**TASK BRIEF:**
From the line with "(2*k+1) - \<theta>" to the line with "(2*k) - \<theta>", retype every line exactly, including those two, and leave out the rest of the data below.
-- SUPPLIED MATERIAL follows --
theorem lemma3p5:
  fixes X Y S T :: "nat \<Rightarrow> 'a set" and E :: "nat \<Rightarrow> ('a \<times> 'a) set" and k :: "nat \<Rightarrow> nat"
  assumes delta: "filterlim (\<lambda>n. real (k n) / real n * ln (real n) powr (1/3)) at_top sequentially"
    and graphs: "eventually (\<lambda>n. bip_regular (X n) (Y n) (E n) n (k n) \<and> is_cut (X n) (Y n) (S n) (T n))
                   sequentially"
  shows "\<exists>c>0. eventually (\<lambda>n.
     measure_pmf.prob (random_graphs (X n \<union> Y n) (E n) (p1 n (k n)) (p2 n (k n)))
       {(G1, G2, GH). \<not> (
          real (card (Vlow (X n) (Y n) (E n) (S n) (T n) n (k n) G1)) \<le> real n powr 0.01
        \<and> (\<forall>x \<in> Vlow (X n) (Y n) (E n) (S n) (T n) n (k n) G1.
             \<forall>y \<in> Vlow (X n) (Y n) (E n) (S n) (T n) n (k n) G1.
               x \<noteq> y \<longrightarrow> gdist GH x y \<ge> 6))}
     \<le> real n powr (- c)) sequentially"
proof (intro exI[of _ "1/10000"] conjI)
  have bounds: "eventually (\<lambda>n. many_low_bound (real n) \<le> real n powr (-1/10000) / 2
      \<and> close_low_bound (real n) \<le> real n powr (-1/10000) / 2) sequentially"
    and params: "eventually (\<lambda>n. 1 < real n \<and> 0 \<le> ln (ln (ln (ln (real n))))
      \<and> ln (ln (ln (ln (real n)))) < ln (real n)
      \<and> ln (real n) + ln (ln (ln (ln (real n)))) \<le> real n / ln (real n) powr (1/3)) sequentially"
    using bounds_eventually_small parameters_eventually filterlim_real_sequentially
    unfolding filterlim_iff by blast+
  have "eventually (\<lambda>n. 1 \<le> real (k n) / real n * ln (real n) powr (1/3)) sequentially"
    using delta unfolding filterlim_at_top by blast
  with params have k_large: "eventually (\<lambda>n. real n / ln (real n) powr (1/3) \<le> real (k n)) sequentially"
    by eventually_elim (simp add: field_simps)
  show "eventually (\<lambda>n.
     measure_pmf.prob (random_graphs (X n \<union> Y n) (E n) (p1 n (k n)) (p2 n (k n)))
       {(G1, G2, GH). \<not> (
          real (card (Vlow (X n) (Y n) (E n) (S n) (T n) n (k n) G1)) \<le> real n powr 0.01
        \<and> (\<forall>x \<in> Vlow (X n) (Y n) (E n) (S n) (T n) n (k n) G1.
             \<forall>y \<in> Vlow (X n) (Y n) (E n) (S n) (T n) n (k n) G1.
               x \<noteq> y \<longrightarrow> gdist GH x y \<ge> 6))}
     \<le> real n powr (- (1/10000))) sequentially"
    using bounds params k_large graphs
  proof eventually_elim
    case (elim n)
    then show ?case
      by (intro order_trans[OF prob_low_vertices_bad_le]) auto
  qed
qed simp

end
-- SUPPLIED MATERIAL concluded --
-- SUPPLIED MATERIAL follows --
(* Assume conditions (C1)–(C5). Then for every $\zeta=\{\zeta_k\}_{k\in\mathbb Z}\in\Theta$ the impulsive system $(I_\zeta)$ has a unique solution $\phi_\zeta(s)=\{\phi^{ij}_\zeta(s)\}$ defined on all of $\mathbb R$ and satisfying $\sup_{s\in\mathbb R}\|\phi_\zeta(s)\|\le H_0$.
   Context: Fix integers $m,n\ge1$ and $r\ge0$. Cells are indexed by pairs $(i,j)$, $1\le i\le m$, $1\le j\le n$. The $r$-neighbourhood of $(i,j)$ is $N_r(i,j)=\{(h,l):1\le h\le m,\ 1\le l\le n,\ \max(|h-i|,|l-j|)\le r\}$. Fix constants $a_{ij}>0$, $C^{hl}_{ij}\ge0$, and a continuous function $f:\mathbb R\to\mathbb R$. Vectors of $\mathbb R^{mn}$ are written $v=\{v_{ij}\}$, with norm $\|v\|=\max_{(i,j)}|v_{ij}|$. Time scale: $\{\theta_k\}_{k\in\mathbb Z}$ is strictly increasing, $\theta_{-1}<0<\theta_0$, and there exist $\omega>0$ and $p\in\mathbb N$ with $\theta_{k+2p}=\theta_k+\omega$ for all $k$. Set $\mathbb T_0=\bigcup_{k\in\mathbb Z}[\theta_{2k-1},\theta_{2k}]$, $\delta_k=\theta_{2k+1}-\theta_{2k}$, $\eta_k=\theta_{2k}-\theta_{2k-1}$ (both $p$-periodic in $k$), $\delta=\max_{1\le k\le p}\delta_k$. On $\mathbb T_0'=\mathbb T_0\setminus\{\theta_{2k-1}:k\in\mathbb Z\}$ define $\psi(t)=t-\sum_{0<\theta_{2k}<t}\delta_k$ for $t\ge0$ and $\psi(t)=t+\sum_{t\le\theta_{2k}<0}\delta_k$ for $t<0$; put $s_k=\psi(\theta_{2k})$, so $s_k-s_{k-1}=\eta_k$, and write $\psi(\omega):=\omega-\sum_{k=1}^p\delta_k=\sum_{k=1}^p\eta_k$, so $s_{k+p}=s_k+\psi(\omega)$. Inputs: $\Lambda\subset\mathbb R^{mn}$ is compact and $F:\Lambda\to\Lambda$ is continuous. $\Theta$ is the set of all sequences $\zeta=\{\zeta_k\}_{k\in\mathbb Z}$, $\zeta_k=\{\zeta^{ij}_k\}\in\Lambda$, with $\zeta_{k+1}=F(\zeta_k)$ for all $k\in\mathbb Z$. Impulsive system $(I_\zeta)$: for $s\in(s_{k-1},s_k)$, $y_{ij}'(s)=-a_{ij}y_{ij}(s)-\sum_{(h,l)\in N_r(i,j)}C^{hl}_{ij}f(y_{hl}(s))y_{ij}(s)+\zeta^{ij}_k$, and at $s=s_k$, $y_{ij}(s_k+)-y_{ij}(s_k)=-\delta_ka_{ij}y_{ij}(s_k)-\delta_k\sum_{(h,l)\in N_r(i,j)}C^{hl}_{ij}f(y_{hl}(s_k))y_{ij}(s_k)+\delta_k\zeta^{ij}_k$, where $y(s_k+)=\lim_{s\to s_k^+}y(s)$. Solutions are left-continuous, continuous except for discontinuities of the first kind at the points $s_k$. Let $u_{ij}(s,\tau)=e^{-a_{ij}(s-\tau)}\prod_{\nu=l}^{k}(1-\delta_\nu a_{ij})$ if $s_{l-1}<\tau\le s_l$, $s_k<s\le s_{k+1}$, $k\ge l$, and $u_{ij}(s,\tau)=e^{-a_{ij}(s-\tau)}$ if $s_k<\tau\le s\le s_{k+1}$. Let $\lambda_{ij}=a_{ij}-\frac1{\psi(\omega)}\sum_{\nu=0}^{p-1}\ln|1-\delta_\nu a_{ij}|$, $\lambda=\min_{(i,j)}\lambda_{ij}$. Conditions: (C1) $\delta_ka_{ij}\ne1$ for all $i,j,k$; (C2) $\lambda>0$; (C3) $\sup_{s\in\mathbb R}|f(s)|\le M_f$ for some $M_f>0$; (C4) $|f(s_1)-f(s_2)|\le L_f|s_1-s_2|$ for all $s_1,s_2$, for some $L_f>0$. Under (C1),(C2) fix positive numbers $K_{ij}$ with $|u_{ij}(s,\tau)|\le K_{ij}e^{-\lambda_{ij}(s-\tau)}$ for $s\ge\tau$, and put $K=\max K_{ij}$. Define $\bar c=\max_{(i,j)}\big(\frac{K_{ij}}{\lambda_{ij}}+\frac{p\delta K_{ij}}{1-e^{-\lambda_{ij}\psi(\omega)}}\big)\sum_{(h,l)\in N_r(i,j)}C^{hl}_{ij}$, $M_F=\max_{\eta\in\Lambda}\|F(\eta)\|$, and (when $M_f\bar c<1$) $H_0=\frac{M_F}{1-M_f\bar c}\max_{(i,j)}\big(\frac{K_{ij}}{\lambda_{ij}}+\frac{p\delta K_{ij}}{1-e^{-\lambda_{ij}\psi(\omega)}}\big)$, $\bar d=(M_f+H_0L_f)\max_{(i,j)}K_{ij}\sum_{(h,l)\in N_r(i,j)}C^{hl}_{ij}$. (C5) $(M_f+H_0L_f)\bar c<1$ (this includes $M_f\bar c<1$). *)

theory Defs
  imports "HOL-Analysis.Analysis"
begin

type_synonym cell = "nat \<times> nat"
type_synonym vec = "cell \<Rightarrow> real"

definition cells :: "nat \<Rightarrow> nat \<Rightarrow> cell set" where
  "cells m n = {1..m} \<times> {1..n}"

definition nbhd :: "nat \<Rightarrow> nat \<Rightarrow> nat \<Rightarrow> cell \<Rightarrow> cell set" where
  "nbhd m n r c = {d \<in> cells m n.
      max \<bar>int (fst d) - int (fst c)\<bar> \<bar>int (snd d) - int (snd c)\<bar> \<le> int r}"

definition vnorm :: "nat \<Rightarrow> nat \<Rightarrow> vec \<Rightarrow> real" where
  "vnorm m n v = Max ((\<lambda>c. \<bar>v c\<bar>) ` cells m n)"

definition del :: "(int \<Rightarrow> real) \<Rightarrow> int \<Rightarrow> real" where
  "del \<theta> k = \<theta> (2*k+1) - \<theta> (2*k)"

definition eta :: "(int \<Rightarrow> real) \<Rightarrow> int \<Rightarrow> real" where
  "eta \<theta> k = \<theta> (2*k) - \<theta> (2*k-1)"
-- SUPPLIED MATERIAL concluded --
**ANSWER SPACE:**
  "del \<theta> k = \<theta> (2*k+1) - \<theta> (2*k)"

definition eta :: "(int \<Rightarrow> real) \<Rightarrow> int \<Rightarrow> real" where
  "eta \<theta> k = \<theta> (2*k) - \<theta> (2*k-1)"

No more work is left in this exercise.